Rückzahlungsklauseln für Fortbildungskosten

  • Rückzahlungsklauseln für Fortbildungskosten: ohne angemessener Bindungsdauer nichtig


    Finanziert der Arbeitgeber eine Fortbildungsmaßnahme, kann er vertraglich eine Mindest-Betriebstreue absichern, wenn die Ausbildung einen geldwerten Vorteil für den Arbeitnehmer hat. Doch dabei ist Umsicht geboten.


    Der Fall:
    Eine Apothekenhelferin hatte an einer Fortbildung zur „Fachberaterin Dermokosmetik” teilgenommen. Die Kursdauer betrug 9 Tage, verteilt über 4 Monate. Die Gesamtkosten i.H.v. ca. 3000 EUR einschließlich Reisekosten und Vergütung für die Fortbildungstage trug der Arbeitgeber.
    Nach Abschluss der Fortbildung schlossen die Parteien eine „Fortbildungs- und Rückzahlungsvereinbarung”, auf Grund derer die Arbeitnehmerin zur Erstattung der Fortbildungskosten in voller Höhe verpflichtet sein sollte, wenn sie innerhalb eines Jahres nach dem Ende der Ausbildung ausschied; schied sie innerhalb des zweiten Jahres nach der Ausbildung aus, sollte sie die Kosten anteilig zurückzahlen, und zwar gemindert um 1/12 für jeden Monat, den sie über ein Jahr hinaus im Betrieb des Arbeitgebers verblieb.
    Die Apothekenhelferin kündigte ihr Arbeitsverhältnis ein gutes Jahr nach Abschluss der Fortbildung. Mit ihrer Klage machte sie einen Betrag von gut 1000 EUR geltend, den der Arbeitgeber vom letzten Gehalt einbehalten hatte. Die Rückzahlungsverpflichtung hielt sie für unwirksam, weil die Bindungsdauer zu lang sei.

    Die Entscheidung:
    Das BAG gab der Arbeitnehmerin Recht. Rückzahlungsklauseln für Aus- und Fortbildungskosten unterliegen der gerichtlichen Inhaltskontrolle (§§ 305 ff. BGB). Wirksamkeitsvoraussetzung ist danach, dass
    • die Ausbildung von geldwertem Vorteil für den Arbeitnehmer ist und
    • dieser nicht unangemessen lange an das Arbeitsverhältnis gebunden wird.

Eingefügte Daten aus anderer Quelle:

(* Under the model below, for every batch $h$ and every packet index $k$ in that batch, $$\hat d_h^k - d_h^k \le \frac{(2M-1)L}{Nr},$$ i.e. every packet departs under MPGPS at most $(2M-1)L/(Nr)$ time units later than it departs under GPS.
   Context: Model. There are $K$ users (sessions) with separate FIFO queues, and $N$ servers (subcarriers), each transmitting $r$ bits per unit time, so the total service rate is $Nr$. All packets have the same length $L$ bits. Transmissions are error free. The same packet arrival sequence is fed to two systems. GPS (generalized processor sharing): a fluid system of total rate $Nr$; each user $k$ has a weight $\phi_k>0$, and at every instant each backlogged user $k$ is served at rate $Nr\,\phi_k/\sum_{j\in B}\phi_j$, where $B$ is the set of currently backlogged users. A packet's GPS departure time is the time its last bit is served in GPS. MPGPS (multi-server packetized GPS) with parameter $M\ge 1$: it is work conserving (servers are never idle while packets are queued). Whenever the servers become idle at a time $\tau$, among all packets queued at $\tau$ it selects the $\min\big(M,\sum_{k}\hat Q_k(\tau)\big)$ packets that would be the first to complete service in the corresponding GPS system if no further packets arrived after $\tau$ ($\hat Q_k(\tau)$ is the number of user-$k$ packets queued under MPGPS at $\tau$). These selected packets form one batch; a batch of $M_h$ packets is transmitted jointly over all $N$ servers, occupies the servers for $M_hL/(Nr)$ time units, and all its packets depart at the end of that period. Batches are indexed $h=1,2,\dots$; $f_h^k$ denotes the $k$-th packet of batch $h$, $\hat d_h^k$ its departure time under MPGPS, and $d_h^k$ its departure time under GPS. *)

theory Defs
  imports "HOL-Analysis.Analysis"
begin

text \<open>Packets are elements of a type 'p, linearly ordered by their position in the
arrival sequence (used only to break ties between packets of one user arriving at
the same instant).  a p = arrival time, u p = user (session) of packet p.
Users are 0..K-1.  All packets have length L bits.\<close>

definition arrived_work :: "real \<Rightarrow> ('p \<Rightarrow> real) \<Rightarrow> ('p \<Rightarrow> nat) \<Rightarrow> 'p set \<Rightarrow> nat \<Rightarrow> real \<Rightarrow> real" where
  "arrived_work L a u P k t = L * real (card {p \<in> P. u p = k \<and> a p \<le> t})"

definition gps_rate :: "nat \<Rightarrow> real \<Rightarrow> (nat \<Rightarrow> real) \<Rightarrow> nat \<Rightarrow> (nat \<Rightarrow> real \<Rightarrow> real)
    \<Rightarrow> (nat \<Rightarrow> real \<Rightarrow> real) \<Rightarrow> nat \<Rightarrow> real \<Rightarrow> real" where
  "gps_rate N r \<phi> K A S k s =
     (if S k s < A k s
      then real N * r * \<phi> k / (\<Sum>j\<in>{j. j < K \<and> S j s < A j s}. \<phi> j)
      else 0)"

definition is_gps :: "nat \<Rightarrow> real \<Rightarrow> (nat \<Rightarrow> real) \<Rightarrow> nat \<Rightarrow> (nat \<Rightarrow> real \<Rightarrow> real)
    \<Rightarrow> (nat \<Rightarrow> real \<Rightarrow> real) \<Rightarrow> bool" where
  "is_gps N r \<phi> K A S \<longleftrightarrow>
     (\<forall>k<K. \<forall>t\<ge>0. (gps_rate N r \<phi> K A S k has_integral S k t) {0..t})"

definition fifo_pos :: "('p::linorder \<Rightarrow> real) \<Rightarrow> ('p \<Rightarrow> nat) \<Rightarrow> 'p set \<Rightarrow> 'p \<Rightarrow> nat" where
  "fifo_pos a u P p = card {q \<in> P. u q = u p \<and> (a q < a p \<or> (a q = a p \<and> q \<le> p))}"

text \<open>GPS departure time: the time the last bit of p is served (service of its user
reaches fifo_pos * L).\<close>
definition gps_departure :: "real \<Rightarrow> ('p::linorder \<Rightarrow> real) \<Rightarrow> ('p \<Rightarrow> nat) \<Rightarrow> 'p set
    \<Rightarrow> (nat \<Rightarrow> real \<Rightarrow> real) \<Rightarrow> 'p \<Rightarrow> real" where
  "gps_departure L a u P S p = Inf {t. 0 \<le> t \<and> real (fifo_pos a u P p) * L \<le> S (u p) t}"

text \<open>MPGPS: batch h (h = 0,1,2,... corresponds to the paper's h = 1,2,...) starts at tau h
and consists of the packet set F h.\<close>
definition batch_end :: "nat \<Rightarrow> real \<Rightarrow> real \<Rightarrow> (nat \<Rightarrow> real) \<Rightarrow> (nat \<Rightarrow> 'p set) \<Rightarrow> nat \<Rightarrow> real" where
  "batch_end N r L tau F h = tau h + real (card (F h)) * L / (real N * r)"

definition prev_end :: "nat \<Rightarrow> real \<Rightarrow> real \<Rightarrow> (nat \<Rightarrow> real) \<Rightarrow> (nat \<Rightarrow> 'p set) \<Rightarrow> nat \<Rightarrow> real" where
  "prev_end N r L tau F h = (if h = 0 then 0 else batch_end N r L tau F (h - 1))"

definition mpgps_queue :: "('p \<Rightarrow> real) \<Rightarrow> (nat \<Rightarrow> 'p set) \<Rightarrow> nat \<Rightarrow> real \<Rightarrow> 'p set" where
  "mpgps_queue a F h t = {p. a p \<le> t \<and> p \<notin> (\<Union>h'<h. F h')}"

text \<open>gps P : service curves of the GPS system fed only with the packets in P.
The hypothetical departure times at decision instant tau are those of the GPS system
fed with the packets arrived by tau (no further arrivals).\<close>
definition is_mpgps :: "nat \<Rightarrow> real \<Rightarrow> real \<Rightarrow> nat \<Rightarrow> ('p::linorder \<Rightarrow> real) \<Rightarrow> ('p \<Rightarrow> nat)
    \<Rightarrow> ('p set \<Rightarrow> nat \<Rightarrow> real \<Rightarrow> real) \<Rightarrow> (nat \<Rightarrow> real) \<Rightarrow> (nat \<Rightarrow> 'p set) \<Rightarrow> bool" where
  "is_mpgps N r L M a u gps tau F \<longleftrightarrow>
    (\<forall>h. let e = prev_end N r L tau F h;
             Q = mpgps_queue a F h (tau h);
             P = {x. a x \<le> tau h};
             hd = gps_departure L a u P (gps P)
         in if (\<exists>t\<ge>e. mpgps_queue a F h t \<noteq> {})
            then e \<le> tau h \<and> Q \<noteq> {}
                 \<and> (\<forall>t. e \<le> t \<and> t < tau h \<longrightarrow> mpgps_queue a F h t = {})
                 \<and> F h \<subseteq> Q \<and> card (F h) = min M (card Q)
                 \<and> (\<forall>p\<in>F h. \<forall>q\<in>Q - F h. hd p \<le> hd q)
            else F h = {})"

end

theory Submission
  imports Defs
begin

text \<open>
  Two properties of GPS drive the bound. GPS serves the packets present at an instant \<tau> in the
  order of their weight-normalized remaining work, so the order that MPGPS computes at \<tau> from
  the packets arrived so far is also the order in which the real GPS system completes them. And
  GPS, serving at total rate N r, cannot complete packets that all arrive after t0 earlier than
  t0 plus their total length divided by N r.

  Let p belong to batch h and let g be the last batch of the current busy period before h that
  contains a packet q completed by GPS after p. A packet of a later batch that GPS completes no
  later than p arrived after \<tau>_g: otherwise it was queued when batch g was formed and would
  have been selected instead of q. Hence GPS completes p and batches g+1, ..., h-1 within
  [\<tau>_g, d_p], while MPGPS, serving back to back from \<tau>_g, completes batch h once batches
  g, ..., h have been transmitted. The difference is at most |F_g| + |F_h| - 1 \<le> 2M - 1 packet
  lengths. Without such a batch g the same count starts at the beginning of the busy period.
\<close>

section \<open>The GPS fluid system\<close>

locale gps_system =
  fixes N :: nat and r :: real and \<phi> :: "nat \<Rightarrow> real" and K :: nat
    and A S :: "nat \<Rightarrow> real \<Rightarrow> real"
  assumes capacity_pos: "0 < real N * r"
    and weight_pos: "\<And>k. k < K \<Longrightarrow> 0 < \<phi> k"
    and is_gps: "is_gps N r \<phi> K A S"
    and arrivals_mono: "\<And>k s t. s \<le> t \<Longrightarrow> A k s \<le> A k t"
    and arrivals_nonneg: "\<And>k t. 0 \<le> A k t"
begin

abbreviation C :: real where "C \<equiv> real N * r"
abbreviation rate :: "nat \<Rightarrow> real \<Rightarrow> real" where "rate \<equiv> gps_rate N r \<phi> K A S"
abbreviation backlog :: "real \<Rightarrow> nat set" where "backlog s \<equiv> {j. j < K \<and> S j s < A j s}"
abbreviation reach_time :: "real \<Rightarrow> nat \<Rightarrow> real" where
  "reach_time T k \<equiv> Inf {t. 0 \<le> t \<and> T \<le> S k t}"

lemma rate_eq:
  "k < K \<Longrightarrow> rate k s = (if k \<in> backlog s then C * \<phi> k / sum \<phi> (backlog s) else 0)"
  by (simp add: gps_rate_def)

lemma weight_le_backlog_weight: "k \<in> backlog s \<Longrightarrow> \<phi> k \<le> sum \<phi> (backlog s)"
  by (rule member_le_sum) (auto intro: less_imp_le weight_pos)

lemma backlog_weight_pos: "k \<in> backlog s \<Longrightarrow> 0 < sum \<phi> (backlog s)"
  using weight_le_backlog_weight weight_pos by force

lemma rate_nonneg: "k < K \<Longrightarrow> 0 \<le> rate k s"
  using backlog_weight_pos[of k s] weight_pos[of k] capacity_pos
  by (simp add: rate_eq less_imp_le)

lemma rate_le_capacity: "k < K \<Longrightarrow> rate k s \<le> C"
  using weight_le_backlog_weight[of k s] backlog_weight_pos[of k s] capacity_pos
  by (simp add: rate_eq divide_le_eq mult_left_mono)
lemma dominated_truncation_of_slowly_varying:
  fixes L g :: "real \<Rightarrow> real"
  assumes RV: "regvar_tail (tail M X) \<alpha>"
    and L: "\<forall>x>0. 0 < L x" and equiv: "tail M X \<sim>[at_top] (\<lambda>x. x powr (- \<alpha>) * L x)"
    and g: "\<forall>x\<ge>0. 0 < g x" "(g \<longlongrightarrow> 0) at_top" "filterlim (\<lambda>x. x * g x) at_top at_top"
    and Y_small: "(\<lambda>x. tail M Y (x * g x)) \<in> o[at_top](tail M X)"
    and C: "\<forall>\<^sub>F x in at_top. \<forall>y\<in>{1..x * g x}. L (x / y) / L x \<le> C"
    and int: "integrable M (\<lambda>\<omega>. Y \<omega> powr \<alpha> * s (Y \<omega>))"
    and q: "1 < q"
  shows "\<exists>T D. dominated_truncation q x0 T D"
proof -
  obtain S where S: "\<forall>y\<in>DY M Y. s y \<le> S" using s_bounded_on_DY by blast
  obtain u0 where "0 < u0" and u0: "\<forall>u\<ge>u0. \<forall>v\<ge>u0. tail M X v / tail M X u \<le> 4 * (u / v) powr \<alpha> * (L v / L u)"
    using asymp_equiv_powr_ratio_bound[OF equiv L tail_X_pos] by blast
  define T where "T x = x / q * g (x / q)" for x
  define D where "D \<omega> = 2 * q powr \<alpha> * (S + 4 * \<bar>C\<bar> * (Y \<omega> powr \<alpha> * s (Y \<omega>)))" for \<omega>
  have div_q: "filterlim (\<lambda>x. x / q) at_top at_top" using q by (intro filterlim_divide_const_at_top) simp
  have ratio_q: "((\<lambda>x. tail M X (x / q) / tail M X x) \<longlongrightarrow> q powr \<alpha>) at_top"
    using q by (intro regvar_tail_divide_tendsto[OF RV]) simp
  have two_q: "q powr \<alpha> < 2 * q powr \<alpha>" using q by simp
  have "\<forall>\<^sub>F u in at_top. 0 < g u" using eventually_ge_at_top[of 0] by eventually_elim (use g(1) in auto)
  from filterlim_compose[OF filterlim_inverse_at_top[OF g(2) this] div_q]
  have inv_g: "filterlim (\<lambda>x. inverse (g (x / q))) at_top at_top" .
  have "\<forall>\<^sub>F x in at_top. 0 < T x \<and> x0 \<le> x / (q * T x)"
    using eventually_gt_at_top[of 0] filterlim_at_top[THEN iffD1, OF inv_g, rule_format, of x0]
  proof eventually_elim
    case (elim x)
    then have "0 < g (x / q)" using g(1) q by simp
    then show ?case using elim q by (simp add: T_def field_simps)
  qed
  moreover have "((\<lambda>x. tail M Y (T x) / tail M X x) \<longlongrightarrow> 0) at_top"
    unfolding T_def using tail_X_pos
    by (intro smallo_compose_tendsto_zero[OF Y_small div_q ratio_q]) (simp add: less_imp_neq[symmetric])
  moreover have "integrable M D" unfolding D_def using int by auto
  moreover have "\<forall>\<^sub>F x in at_top. \<forall>\<omega>\<in>space M. Y \<omega> \<in> DY M Y \<longrightarrow> Y \<omega> \<le> T x \<longrightarrow>
      tail M X (x / (q * Y \<omega>)) / tail M X x * s (Y \<omega>) \<le> D \<omega>"
    using filterlim_at_top[THEN iffD1, OF div_q, rule_format, of u0]
      filterlim_at_top[THEN iffD1, OF inv_g, rule_format, of u0]
      filterlim_iff[THEN iffD1, OF div_q, rule_format, OF C] order_tendstoD(2)[OF ratio_q two_q]
  proof eventually_elim
    case (elim x)
    have "0 < g (x / q)" using elim \<open>0 < u0\<close> g(1) by simp
    show ?case
    proof (intro ballI impI)
      fix \<omega> assume "\<omega> \<in> space M" "Y \<omega> \<in> DY M Y" "Y \<omega> \<le> T x"
      then have "tail M X (x / q / Y \<omega>) / tail M X x * s (Y \<omega>) \<le> D \<omega>"
        unfolding D_def T_def using elim \<open>0 < g (x / q)\<close>
        by (intro truncation_bound_slowly_varying[OF \<open>0 < u0\<close> u0 _ _ _ _ _ _ _ S]) auto
      then show "tail M X (x / (q * Y \<omega>)) / tail M X x * s (Y \<omega>) \<le> D \<omega>" by (simp add: mult.commute)
    qed
  qed
  moreover have "filterlim T at_top at_top"
    unfolding T_def[abs_def] by (rule filterlim_compose[OF g(3) div_q])
  ultimately show ?thesis unfolding dominated_truncation_def by blast
qed
(* We have \[ \mathrm{Com}^{\mathrm{TKK}}(L(2)\otimes B)\cong L(0)\oplus L(2)\otimes B\oplus (L(0)\otimes S^2(B)\oplus L(2)\otimes\Lambda^2(B)) \oplus L(0)\otimes \Lambda^3(B), \] where each product of more than three generators from $L(2)\otimes B$ vanishes, and products of two or three generators are given, respectively, by the map \[ S^2(L(2)\otimes B)\to L(0)\otimes S^2(B)\oplus L(2)\otimes \Lambda^2(B) \] sending $(u_1\otimes b_1)(u_2\otimes b_2)$ to $K(u_1,u_2)\otimes (b_1b_2)+[u_1,u_2]\otimes(b_1\wedge b_2)$ and by the map \[ S^3(L(2)\otimes B)\to L(0)\otimes \Lambda^3(B) \] sending $(u_1\otimes b_1)(u_2\otimes b_2)(u_3\otimes b_3)$ to $K([u_1,u_2],u_3)\otimes (b_1\wedge b_2\wedge b_3)$.
   Context: We work over a field $k$ of characteristic zero. For $n\ge 0$, $L(n)$ denotes the irreducible $\mathfrak{sl}_2$-module of highest weight $n$; $L(0)$ is the trivial module and $L(2)$ is the adjoint module $\mathfrak{sl}_2$ with basis $e,f,h$. $K$ is the Killing form of $\mathfrak{sl}_2$ normalised so that its nonzero values are $K(e,f)=K(f,e)=\frac12$, $K(h,h)=1$. The category $\mathrm{TKK}$ has as objects the completely reducible $\mathfrak{sl}_2$-modules that are direct sums of copies of $L(0)$ and $L(2)$, and as morphisms $\mathfrak{sl}_2$-module maps. $B$ is a (finite-dimensional) vector space, and $\mathrm{Com}^{\mathrm{TKK}}(L(2)\otimes B)$ is the free unital commutative associative algebra in $\mathrm{TKK}$ generated by $L(2)\otimes B$, i.e. the quotient of the symmetric algebra $S(L(2)\otimes B)$ by the ideal generated by all isotypic components $L(m)$, $m\neq 0,2$ (equivalently, by the $\mathfrak{sl}_2$-submodule of $S^2(L(2)\otimes B)$ generated by $S^2(e\otimes B)$). *)

theory Defs
  imports Main "HOL-Library.Poly_Mapping"
begin
lemma orbit_edges_subset_if_powers_f_or_const:
  assumes "powers_f_or_const f"
  shows "orbit_edges f a b \<subseteq> {(a, b), (f a, f b)}"
proof
  fix e assume "e \<in> orbit_edges f a b"
  then obtain k where e: "e = ((f ^^ k) a, (f ^^ k) b)" and ne: "(f ^^ k) a \<noteq> (f ^^ k) b"
    unfolding orbit_edges_def by blast
  have "f ^^ k = id \<or> f ^^ k = f"
    using assms ne unfolding powers_f_or_const_def constmaps_iff by (cases k) auto
  then show "e \<in> {(a, b), (f a, f b)}"
    using e by auto
qed

lemma rtrancl_two_edges:
  assumes "(x, y) \<in> R\<^sup>*" "R \<subseteq> {(a, b), (c, d)}"
  shows "x = y \<or> (x, y) = (a, b) \<or> (x, y) = (c, d) \<or>
    (x = a \<and> b = c \<and> y = d) \<or> (x = c \<and> d = a \<and> y = b)"
  using assms(1)
proof induction
  case (step y z)
  then show ?case
    using assms(2) by blast
qed simp

definition compatible_selector :: "('a \<Rightarrow> 'a) \<Rightarrow> ('a \<Rightarrow> 'a) \<Rightarrow> bool" where
  "compatible_selector f h \<longleftrightarrow> (\<forall>x. h x = x \<or> h x = f x) \<and>
     (\<forall>c d. h c = c \<longrightarrow> h d = f d \<longrightarrow> c = f d \<or> d = f c \<or> f c = c \<or> f d = d)"

lemma End_Quord_compatible_selector:
  assumes "powers_f_or_const f" "h \<in> End (Quord (Mf f))" "h \<notin> constmaps"
  shows "compatible_selector f h"
  unfolding compatible_selector_def
proof (intro conjI allI impI)
  fix x
  obtain y where "h x \<noteq> h y"
    using assms(3) unfolding constmaps_iff by metis
  then show "h x = x \<or> h x = f x"
    using rtrancl_two_edges[OF End_Quord_pair_in_rtrancl[OF assms(2)]
        orbit_edges_subset_if_powers_f_or_const[OF assms(1)]]
    by blast
next
  fix c d assume "h c = c" "h d = f d"
  then show "c = f d \<or> d = f c \<or> f c = c \<or> f d = d"
    using rtrancl_two_edges[OF End_Quord_pair_in_rtrancl[OF assms(2), of c d]
        orbit_edges_subset_if_powers_f_or_const[OF assms(1)]]
    by auto
qed

lemma End_Quord_subset_if_compatible_selectors_trivial:
  assumes "powers_f_or_const f" "\<And>h. compatible_selector f h \<Longrightarrow> h = id \<or> h = f"
  shows "End (Quord (Mf f)) \<subseteq> Mf f"
proof
  fix h assume h: "h \<in> End (Quord (Mf f))"
  show "h \<in> Mf f"
  proof (cases "h \<in> constmaps")
    case False
    then have "h = f ^^ 0 \<or> h = f ^^ 1"
      using assms(2) End_Quord_compatible_selector[OF assms(1) h] by simp
    then show ?thesis
      unfolding gen_monoid_def by blast
  qed simp
qed

lemma compatible_selector_mixed_pair:
  assumes "compatible_selector f h" "h \<noteq> id" "h \<noteq> f"
  obtains c d where "h c = c" "f c \<noteq> c" "h d = f d" "f d \<noteq> d" "c = f d \<or> d = f c"
proof -
  obtain c where "h c \<noteq> f c"
    using assms(3) by blast
  then have c: "h c = c" "f c \<noteq> c"
    using assms(1) unfolding compatible_selector_def by metis+
  obtain d where "h d \<noteq> d"
    using assms(2) by (metis eq_id_iff)
  then have d: "h d = f d" "f d \<noteq> d"
    using assms(1) unfolding compatible_selector_def by metis+
  have "c = f d \<or> d = f c"
    using assms(1) c d unfolding compatible_selector_def by blast
  with c d show ?thesis
    using that by blast
qed

lemma powers_f_or_const_if_idempotent:
  assumes "f \<circ> f = f"
  shows "powers_f_or_const f"
proof -
  have "f ^^ Suc k = f" for k
    using assms by (induction k) (simp_all add: comp_assoc)
  then show ?thesis
    unfolding powers_f_or_const_def by (metis gr0_conv_Suc)
qed

lemma compatible_selector_idempotent:
  assumes "f \<circ> f = f" "compatible_selector f h"
  shows "h = id \<or> h = f"
proof (rule ccontr)
  assume "\<not> (h = id \<or> h = f)"
  then obtain c d where "f c \<noteq> c" "f d \<noteq> d" "c = f d \<or> d = f c"
    using compatible_selector_mixed_pair[OF assms(2)] by metis
  moreover have "f (f x) = f x" for x
    using assms(1) by (metis comp_apply)
  ultimately show False
    by metis
qed

lemma powers_f_or_const_if_square_const:
  assumes "f \<circ> f = (\<lambda>_. v)"
  shows "powers_f_or_const f"
proof -
  have "f ^^ k \<in> constmaps" if "2 \<le> k" for k
  proof -
    obtain j where "k = j + 2"
      using \<open>2 \<le> k\<close> by (metis add.commute le_Suc_ex)
    then have "f ^^ k = f ^^ j \<circ> (f \<circ> f)"
      by (simp only: funpow_add) (simp add: numeral_2_eq_2)
    moreover have "f (f x) = v" for x
      using assms by (metis comp_apply)
    ultimately have "f ^^ k = (\<lambda>_. (f ^^ j) v)"
      by (simp add: comp_def)
    then show ?thesis
      unfolding constmaps_def by blast
  qed
  moreover have "f ^^ 1 = f"
    by simp
  ultimately show ?thesis
    unfolding powers_f_or_const_def by (metis One_nat_def Suc_1 Suc_leI le_neq_implies_less)
qed

lemma card_ge_3_obtain_other:
  assumes "3 \<le> card S"
  obtains k where "k \<in> S" "k \<noteq> a" "k \<noteq> b"
proof -
  have "\<not> S \<subseteq> {a, b}"
  proof
    assume "S \<subseteq> {a, b}"
    then have "card S \<le> card {a, b}"
      by (simp add: card_mono)
    also have "\<dots> \<le> 2"
      by (simp add: card_insert_le_m1)
    finally show False
      using assms by simp
  qed
  then show ?thesis
    using that by blast
qed

(* Exactly one of the mixed pair c, d lies in the fibre of v; a third element k of that fibre
   cannot be sent to k (compatibility with d) nor to v (compatibility with c). *)
lemma compatible_selector_square_const:
  assumes "f \<circ> f = (\<lambda>_. v)" "3 \<le> card {x. f x = v}" "compatible_selector f h"
  shows "h = id \<or> h = f"
proof (rule ccontr)
  have ffv: "f (f x) = v" for x
    using assms(1) by (metis comp_apply)
  have fv: "f v = v"
    using ffv[of v] ffv[of "f v"] by simp
  have selects: "h x = x \<or> h x = f x"
    and mixed: "h c = c \<Longrightarrow> h d = f d \<Longrightarrow> c = f d \<or> d = f c \<or> f c = c \<or> f d = d" for x c d
    using assms(3) unfolding compatible_selector_def by blast+
  assume "\<not> (h = id \<or> h = f)"
  then obtain c d where cd: "h c = c" "f c \<noteq> c" "h d = f d" "f d \<noteq> d"
    and cases: "c = f d \<or> d = f c"
    using compatible_selector_mixed_pair[OF assms(3)] by metis
  from cases show False
  proof
    assume cfd: "c = f d"
    obtain k where k: "k \<in> {x. f x = v}" "k \<noteq> v" "k \<noteq> c"
      by (rule card_ge_3_obtain_other[OF assms(2)])
    have "c \<noteq> v"
      using cd(2) cfd ffv by metis
    from selects[of k] show False
    proof
      assume "h k = k"
      with mixed[OF this cd(3)] show False
        using k cd cfd fv \<open>c \<noteq> v\<close> by auto
    next
      assume "h k = f k"
      with mixed[OF cd(1) this] show False
        using k cd cfd ffv \<open>c \<noteq> v\<close> by auto
    qed
  next
    assume dfc: "d = f c"
    obtain k where k: "k \<in> {x. f x = v}" "k \<noteq> v" "k \<noteq> d"
      by (rule card_ge_3_obtain_other[OF assms(2)])
    from selects[of k] show False
    proof
      assume "h k = k"
      with mixed[OF this cd(3)] show False
        using k cd dfc ffv by auto
    next
      assume "h k = f k"
      with mixed[OF cd(1) this] show False
        using k cd dfc fv by auto
    qed
  qed
qed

    Zu lange Bindungsdauer vereinbart: nichtig
    Ist eine zu lange Bindungsdauer vereinbart, führt dies grundsätzlich zur Nichtigkeit der Klausel insgesamt; ein Rückzahlungsanspruch besteht nicht.
    Bei der Frage der zumutbaren Bindungsdauer ist das Interesse des finanzierenden Arbeitgebers, die von den ausgebildeten Arbeitnehmern erworbene Qualifikation möglichst lange im Betrieb nutzen zu können, dem Interesse des Arbeitnehmers gegenüber zu stellen, seinen Arbeitsplatz ohne Belastung mit Kosten frei wählen zu können.
    Nach diesem Maßstab ist die hier streitige Rückzahlungsvereinbarung unwirksam. Die gewählte 2-jährige Bindungsfrist ist in Ansehung der finanziellen Aufwendungen des Arbeitgebers und der Vorteile der Arbeitnehmerin aus der Fortbildung unangemessen lang. Für die 9-tägige Ausbildung wäre eine Bindungsfrist von maximal 6 Monaten angemessen gewesen, wobei die Zeiten zwischen mehreren Kursblöcken nicht zu berücksichtigen sind.
    (BAG, Urteil v. 15.9.2009, 3 AZR 173/08).


    Hinweis:
    Eine Verpflichtung des Arbeitnehmers zur Rückzahlung von Ausbildungsbeihilfen ist dann zulässig, wenn diese Verpflichtung unter Berücksichtigung aller Umstände des Einzelfalls nach Treu und Glauben dem Arbeitnehmer zuzumuten ist und vom Standpunkt eines verständigen Betrachters aus einem begründeten und zu billigenden Interesse des Arbeitgebers entspricht (ständige Rechtsprechung des BAG, z. B. Urteil v. 16.3.1994, 5 AZR 339/92).